## Work to complete
Reproduce exactly the lines of the material beneath, from the line that contains "G \<longleftrightarrow> (\<exists>xs." to the line that contains "set \<Rightarrow> 'v \<Rightarrow> (real", both included, and no other lines.

Top of Data records

lemma comm_conj:
  assumes "g \<in> carrier G" "a \<in> carrier G" "b \<in> carrier G"
  shows "g \<otimes> comm G a b \<otimes> inv g = comm G (g \<otimes> a \<otimes> inv g) (g \<otimes> b \<otimes> inv g)"
  using assms by (simp add: comm_eq inv_mult_group m_assoc inv_mult_cancel_left mult_inv_cancel_left)

lemma inv_comm_swap: "a \<in> carrier G \<Longrightarrow> b \<in> carrier G \<Longrightarrow> inv (comm G a b) = comm G b a"
  by (simp add: comm_eq inv_mult_group m_assoc)

lemma comm_mult_left:
  assumes "x \<in> carrier G" "y \<in> carrier G" "b \<in> carrier G"
  shows "comm G (x \<otimes> y) b = (inv y \<otimes> comm G x b \<otimes> y) \<otimes> comm G y b"
  using assms by (simp add: comm_eq inv_mult_group m_assoc inv_mult_cancel_left mult_inv_cancel_left)

lemma comm_inv_left:
  assumes "x \<in> carrier G" "b \<in> carrier G"
  shows "comm G (inv x) b = inv (inv x) \<otimes> inv (comm G x b) \<otimes> inv x"
  using assms by (simp add: comm_eq inv_mult_group m_assoc inv_mult_cancel_left mult_inv_cancel_left)

lemma conj_eq_mult_comm:
  assumes "c \<in> carrier G" "y \<in> carrier G"
  shows "inv y \<otimes> c \<otimes> y = c \<otimes> comm G c y"
  using assms by (simp add: comm_eq m_assoc mult_inv_cancel_left)

lemma comm_eq_one_if_commute:
  assumes "x \<in> carrier G" "y \<in> carrier G" "x \<otimes> y = y \<otimes> x"
  shows "comm G x y = \<one>"
  using assms by (simp add: comm_eq m_assoc[symmetric])

lemma mult_eq_mult_comm: "x \<in> carrier G \<Longrightarrow> y \<in> carrier G \<Longrightarrow> x \<otimes> y = y \<otimes> x \<otimes> comm G x y"
  by (simp add: comm_eq m_assoc mult_inv_cancel_left)

lemma comm_eq_inv_mult: "a \<in> carrier G \<Longrightarrow> b \<in> carrier G \<Longrightarrow> comm G a b = inv (b \<otimes> a) \<otimes> (a \<otimes> b)"
  by (simp add: comm_def inv_mult_group m_assoc)

lemma lcs_2: "lcs G 2 = generate G {comm G a b | a b. a \<in> carrier G \<and> b \<in> carrier G}"
  by (simp add: numeral_2_eq_2)

lemma lcs_3: "lcs G 3 = generate G {comm G a b | a b. a \<in> carrier G \<and> b \<in> lcs G 2}"
  by (simp add: numeral_3_eq_3 numeral_2_eq_2)

lemma subgroup_lcs_2: "subgroup (lcs G 2) G"
  unfolding lcs_2 by (rule generate_is_subgroup) auto

lemma lcs_2_subset: "x \<in> lcs G 2 \<Longrightarrow> x \<in> carrier G"
  using subgroup.subset[OF subgroup_lcs_2] by blast

lemma comm_in_lcs_2: "a \<in> carrier G \<Longrightarrow> b \<in> carrier G \<Longrightarrow> comm G a b \<in> lcs G 2"
  unfolding lcs_2 by (rule generate.incl) blast

lemma comm_in_lcs_3: "a \<in> carrier G \<Longrightarrow> b \<in> lcs G 2 \<Longrightarrow> comm G a b \<in> lcs G 3"
  unfolding lcs_3 by (rule generate.incl) blast

lemma lcs_3_gens_subset: "{comm G a b | a b. a \<in> carrier G \<and> b \<in> lcs G 2} \<subseteq> lcs G 2"
  using comm_in_lcs_2 lcs_2_subset by blast

lemma subgroup_lcs_3: "subgroup (lcs G 3) G"
  unfolding lcs_3 using lcs_3_gens_subset lcs_2_subset by (intro generate_is_subgroup) blast

lemma lcs_3_subset_lcs_2: "lcs G 3 \<subseteq> lcs G 2"
  unfolding lcs_3 by (rule generate_subgroup_incl[OF lcs_3_gens_subset subgroup_lcs_2])

lemma normal_lcs_2: "lcs G 2 \<lhd> G"
  unfolding lcs_2
proof (rule normal_generateI)
  fix h g assume "h \<in> {comm G a b | a b. a \<in> carrier G \<and> b \<in> carrier G}" and g: "g \<in> carrier G"
  then obtain a b where "h = comm G a b" "a \<in> carrier G" "b \<in> carrier G" by blast
  then show "g \<otimes> h \<otimes> inv g \<in> {comm G a b | a b. a \<in> carrier G \<and> b \<in> carrier G}"
    using comm_conj[OF g] g by blast
qed auto
(* Let $G$ be a connected bipartite graph with color classes $E$ and $V$, $\Gamma$ a spanning tree of $G$ inducing the hypertree $\mathbf f$ of $(V,E)$, and $\mathbf f^+=\mathbf f+\frac1{|E|}\mathbf i_E\in\mathbf R^E$. For each $v\in V$ and each edge $\varepsilon$ of $\Gamma$ adjacent to $v$, let $E_{v,\varepsilon}$ be the set of elements of $E$ whose path in $\Gamma$ from $v$ starts with $\varepsilon$, and set $w(\varepsilon)=|E_{v,\varepsilon}|/|E|$ (each edge has a unique endpoint in $V$, so $w$ is well defined on edges of $\Gamma$). Then for each $v$ the weights $w(\varepsilon)$ over edges $\varepsilon$ of $\Gamma$ at $v$ are non-negative and sum to $1$, so $\sum_{v\in V}\sum_{\varepsilon\ni v}w(\varepsilon)\,\mathbf i_{\{e_\varepsilon\}}$ is a point of the Minkowski cell $M_\Gamma$, and this point equals $\mathbf f^+$; that is, these weights are the barycentric coordinates (in the direct sum decomposition of $M_\Gamma$) of $\mathbf f^+$.
   Context: A hypertree induced by a spanning tree $\Gamma$ is the function $\mathbf f\colon E\to\mathbf N$ with $\mathbf f(e)+1$ equal to the degree of $e$ in $\Gamma$. $\mathbf i_S$ is the indicator vector of $S$. For $v\in V$, $\Delta^\Gamma_v=\operatorname{conv}\{\mathbf i_{\{e\}}\mid ev\text{ an edge of }\Gamma\}\subset\mathbf R^E$, and $M_\Gamma=\sum_{v\in V}\Delta^\Gamma_v$ (Minkowski sum), which is a direct sum: each point has a unique representation as a sum of one point from each $\Delta^\Gamma_v$. A point of $\Delta^\Gamma_v$ is described by barycentric weights on the edges of $\Gamma$ at $v$; $e_\varepsilon\in E$ denotes the endpoint of $\varepsilon$ in $E$. *)

theory Defs
  imports "HOL-Analysis.Analysis"
begin

text \<open>A bipartite graph with colour classes E and V is modelled by two finite types
 'e (the class E) and 'v (the class V); its edge set is a set of pairs (e,v).\<close>

definition badj :: "('e \<times> 'v) set \<Rightarrow> ('e + 'v) \<Rightarrow> ('e + 'v) \<Rightarrow> bool" where
  "badj G x y \<longleftrightarrow> (\<exists>e v. (e, v) \<in> G \<and>
      ((x = Inl e \<and> y = Inr v) \<or> (x = Inr v \<and> y = Inl e)))"

definition bpath :: "('e \<times> 'v) set \<Rightarrow> ('e + 'v) list \<Rightarrow> bool" where
  "bpath G xs \<longleftrightarrow> xs \<noteq> [] \<and> distinct xs \<and>
      (\<forall>i. Suc i < length xs \<longrightarrow> badj G (xs ! i) (xs ! Suc i))"

definition bconnected :: "('e \<times> 'v) set \<Rightarrow> bool" where
  "bconnected G \<longleftrightarrow> (\<forall>x y. \<exists>xs. bpath G xs \<and> hd xs = x \<and> last xs = y)"

definition bhas_cycle :: "('e \<times> 'v) set \<Rightarrow> bool" where
  "bhas_cycle G \<longleftrightarrow> (\<exists>xs. 3 \<le> length xs \<and> bpath G xs \<and> badj G (last xs) (hd xs))"

text \<open>Spanning tree of G (vertex set is all of 'e + 'v): connected acyclic subgraph.\<close>
definition spanning_tree :: "('e \<times> 'v) set \<Rightarrow> ('e \<times> 'v) set \<Rightarrow> bool" where
  "spanning_tree G T \<longleftrightarrow> T \<subseteq> G \<and> bconnected T \<and> \<not> bhas_cycle T"

definition hypertree_of :: "('e \<times> 'v) set \<Rightarrow> 'e \<Rightarrow> nat" where
  "hypertree_of T e = card {v. (e, v) \<in> T} - 1"

definition branch :: "('e \<times> 'v) set \<Rightarrow> 'v \<Rightarrow> ('e \<times> 'v) \<Rightarrow> 'e set" where
  "branch T v \<epsilon> = {e. \<exists>xs. bpath T xs \<and> hd xs = Inr v \<and> last xs = Inl e \<and>
      2 \<le> length xs \<and> xs ! 1 = Inl (fst \<epsilon>)}"

definition weight :: "('e::finite \<times> 'v) set \<Rightarrow> ('e \<times> 'v) \<Rightarrow> real" where
  "weight T \<epsilon> = real (card (branch T (snd \<epsilon>) \<epsilon>)) / real CARD('e)"

text \<open>R^E is real ^ 'e; the indicator vector i_{e} is axis e 1.
 Delta^T_v = conv { i_{e} | ev edge of T }.\<close>
definition Delta :: "('e::finite \<times> 'v) set \<Rightarrow> 'v \<Rightarrow> (real ^ 'e) set" where
  "Delta T v = convex hull {axis e 1 | e. (e, v) \<in> T}"

definition Mcell :: "('e::finite \<times> 'v::finite) set \<Rightarrow> (real ^ 'e) set" where
  "Mcell T = {(\<Sum>v\<in>UNIV. p v) | p. \<forall>v. p v \<in> Delta T v}"

end

theory Submission
  imports Defs
begin

text \<open>Paths in a tree are unique: two different paths with the same endpoints would close up
  to a cycle. Seen from a vertex \<open>v \<in> V\<close>, every \<open>e' \<in> E\<close> therefore lies in exactly one
  branch \<open>E(v,\<epsilon>)\<close>, so the weights at \<open>v\<close> sum to 1. Seen from \<open>e \<in> E\<close>, the element \<open>e\<close>
  lies in the branch towards \<open>e\<close> of each of its \<open>deg e\<close> neighbours, and every \<open>e' \<noteq> e\<close> in
  that of all but one of them (the first vertex on the path from \<open>e\<close> to \<open>e'\<close>). Double counting
  gives \<open>\<Sum>v. |E(v,(e,v))| = |E| (deg e - 1) + 1\<close>, i.e. the \<open>e\<close>-coordinate of the weighted
  sum is \<open>f(e) + 1/|E|\<close>.\<close>

lemma bpath_iff_successively:
  "bpath G xs \<longleftrightarrow> xs \<noteq> [] \<and> distinct xs \<and> successively (badj G) xs"
  unfolding bpath_def successively_conv_nth by blast

lemma badj_commute: "badj G x y \<longleftrightarrow> badj G y x"
  unfolding badj_def by blast

lemma badj_simps [simp]:
  "badj G (Inl e) (Inr v) \<longleftrightarrow> (e, v) \<in> G"
  "badj G (Inr v) (Inl e) \<longleftrightarrow> (e, v) \<in> G"
  "\<not> badj G (Inl e) (Inl e')"
  "\<not> badj G (Inr v) (Inr v')"
  unfolding badj_def by auto

lemma badj_InrE:
  assumes "badj G (Inr v) x" obtains e where "x = Inl e" "(e, v) \<in> G"
  using assms by (cases x) auto

lemma badj_InlE:
  assumes "badj G (Inl e) x" obtains v where "x = Inr v" "(e, v) \<in> G"
  using assms by (cases x) auto

lemma successively_badj_rev:
  "successively (badj G) (rev xs) \<longleftrightarrow> successively (badj G) xs"
  by (simp add: badj_commute[of G])

lemma bpath_Cons_Cons:
  "bpath G (x # y # xs) \<longleftrightarrow> badj G x y \<and> x \<notin> set (y # xs) \<and> bpath G (y # xs)"
  by (auto simp: bpath_iff_successively)

lemma bpath_appendD: "bpath G (xs @ ys) \<Longrightarrow> xs \<noteq> [] \<Longrightarrow> bpath G xs"
  unfolding bpath_iff_successively successively_append_iff by auto

lemma bconnected_bpathE:
  assumes "bconnected G" obtains xs where "bpath G xs" "hd xs = x" "last xs = y"
  using assms unfolding bconnected_def by blast

lemma bpath_ConsE:
  assumes "bpath G xs" "hd xs = x" "last xs \<noteq> x"
  obtains y ys where "xs = x # y # ys" "badj G x y"
  using assms by (cases xs; cases "tl xs") (auto simp: bpath_def)

text \<open>The cycle follows the first path up to the first vertex \<open>z\<close> it shares with the second
  and returns to \<open>a\<close> along the second.\<close>

lemma diverging_bpaths_has_cycle:
  assumes px: "bpath G (a # xs)" and py: "bpath G (a # ys)"
    and ne: "xs \<noteq> []" "ys \<noteq> []" and last: "last xs = last ys" and hd: "hd xs \<noteq> hd ys"
  shows "bhas_cycle G"
proof -
  have "\<exists>x\<in>set xs. x \<in> set ys" using last ne by (metis last_in_set)
  from split_list_first_prop[OF this] obtain us z r where xs: "xs = us @ z # r"
    and z: "z \<in> set ys" and us: "\<forall>u\<in>set us. u \<notin> set ys"
    by blast
  obtain ps qs where ys: "ys = ps @ z # qs" using z by (meson split_list)
  define c where "c = (a # us @ [z]) @ rev ps"
  have "bpath G (a # us @ [z])" using px xs bpath_appendD[of G "a # us @ [z]" r] by simp
  then have sx: "successively (badj G) (a # us @ [z])" by (simp add: bpath_iff_successively)
  have "bpath G (a # ps @ [z])" using py ys bpath_appendD[of G "a # ps @ [z]" qs] by simp
  then have sy: "successively (badj G) (a # ps @ [z])" by (simp add: bpath_iff_successively)
  then have "successively (badj G) (z # rev ps)"
    using successively_badj_rev[of G "ps @ [z]"] by (simp add: successively_Cons)
  then have "successively (badj G) c"
    using sx unfolding c_def successively_append_iff by (cases "rev ps") auto
  moreover have "distinct c"
  proof -
    have "distinct (a # us @ z # r)" "distinct (a # ps @ z # qs)"
      using px py xs ys by (simp_all add: bpath_def)
    moreover have "set us \<inter> set ps = {}" using us ys by auto
    ultimately show ?thesis by (auto simp: c_def)
  qed
  moreover have "3 \<le> length c" using hd xs ys by (cases us; cases ps) (auto simp: c_def)
  moreover have "badj G (last c) (hd c)"
  proof (cases ps)
    case Nil
    then show ?thesis using sy by (simp add: c_def badj_commute)
  next
    case (Cons p ps')
    then show ?thesis using sy by (simp add: c_def badj_commute)
  qed
  ultimately show ?thesis unfolding bhas_cycle_def bpath_iff_successively
    by (metis c_def list.distinct(1) append_Cons)
qed
(* For every $k\ge1$ there is $c>0$ such that the following holds. For every $n\ge k$ and every pair $w,u$ of functions from $[n]^{(k)}$ to $\mathbb{R}$, $$\operatorname{disc}^+(w,u)\operatorname{disc}^-(w,u)\ge c^2 \gamma(w,u)^2 n^2.$$
   Context: $[n]=\{1,\dots,n\}$; $V^{(k)}$ is the family of $k$-subsets of $V$; $\langle w,u\rangle=\sum_{e\in V^{(k)}}w(e)u(e)$; $d(w)=w(V)/\binom{|V|}k$ where $w(V)=\sum_e w(e)$; for a permutation $\pi$ of $V$, $w_\pi(e)=w(\pi^{-1}(e))$. With $n=|V|$: $\operatorname{disc}^+(w,u)=\max_\pi\langle w_\pi,u\rangle-d(w)d(u)\binom nk$ and $\operatorname{disc}^-(w,u)=d(w)d(u)\binom nk-\min_\pi\langle w_\pi,u\rangle$. Fix distinct $x,y\in V$ and let $\tau=(xy)$ be the transposition; then $\gamma(w,u)=\mathbb{E}_{\pi,\sigma}|\langle w_\pi,u_\sigma\rangle-\langle w_{\tau\pi},u_\sigma\rangle|$ where $\pi,\sigma$ are independent uniformly random permutations of $V$ (this does not depend on the choice of $x,y$). *)

theory Defs
  imports "HOL-Analysis.Analysis" "HOL-Combinatorics.Transposition"
begin

definition ksubsets :: "'a set \<Rightarrow> nat \<Rightarrow> 'a set set" where
  "ksubsets V k = {e. e \<subseteq> V \<and> card e = k}"

definition ip :: "'a set \<Rightarrow> nat \<Rightarrow> ('a set \<Rightarrow> real) \<Rightarrow> ('a set \<Rightarrow> real) \<Rightarrow> real" where
  "ip V k w u = (\<Sum>e\<in>ksubsets V k. w e * u e)"

definition dens :: "'a set \<Rightarrow> nat \<Rightarrow> ('a set \<Rightarrow> real) \<Rightarrow> real" where
  "dens V k w = (\<Sum>e\<in>ksubsets V k. w e) / real (card V choose k)"

definition permw :: "('a \<Rightarrow> 'a) \<Rightarrow> ('a set \<Rightarrow> real) \<Rightarrow> 'a set \<Rightarrow> real" where
  "permw \<pi> w e = w (inv \<pi> ` e)"

definition perms :: "'a set \<Rightarrow> ('a \<Rightarrow> 'a) set" where
  "perms V = {\<pi>. \<pi> permutes V}"

definition disc_plus :: "'a set \<Rightarrow> nat \<Rightarrow> ('a set \<Rightarrow> real) \<Rightarrow> ('a set \<Rightarrow> real) \<Rightarrow> real" where
  "disc_plus V k w u =
     Max ((\<lambda>\<pi>. ip V k (permw \<pi> w) u) ` perms V)
     - dens V k w * dens V k u * real (card V choose k)"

Bottom of Data records

## Output of the exercise
  "bhas_cycle G \<longleftrightarrow> (\<exists>xs. 3 \<le> length xs \<and> bpath G xs \<and> badj G (last xs) (hd xs))"

text \<open>Spanning tree of G (vertex set is all of 'e + 'v): connected acyclic subgraph.\<close>
definition spanning_tree :: "('e \<times> 'v) set \<Rightarrow> ('e \<times> 'v) set \<Rightarrow> bool" where
  "spanning_tree G T \<longleftrightarrow> T \<subseteq> G \<and> bconnected T \<and> \<not> bhas_cycle T"

definition hypertree_of :: "('e \<times> 'v) set \<Rightarrow> 'e \<Rightarrow> nat" where
  "hypertree_of T e = card {v. (e, v) \<in> T} - 1"

definition branch :: "('e \<times> 'v) set \<Rightarrow> 'v \<Rightarrow> ('e \<times> 'v) \<Rightarrow> 'e set" where
  "branch T v \<epsilon> = {e. \<exists>xs. bpath T xs \<and> hd xs = Inr v \<and> last xs = Inl e \<and>
      2 \<le> length xs \<and> xs ! 1 = Inl (fst \<epsilon>)}"

definition weight :: "('e::finite \<times> 'v) set \<Rightarrow> ('e \<times> 'v) \<Rightarrow> real" where
  "weight T \<epsilon> = real (card (branch T (snd \<epsilon>) \<epsilon>)) / real CARD('e)"

text \<open>R^E is real ^ 'e; the indicator vector i_{e} is axis e 1.
 Delta^T_v = conv { i_{e} | ev edge of T }.\<close>
definition Delta :: "('e::finite \<times> 'v) set \<Rightarrow> 'v \<Rightarrow> (real ^ 'e) set" where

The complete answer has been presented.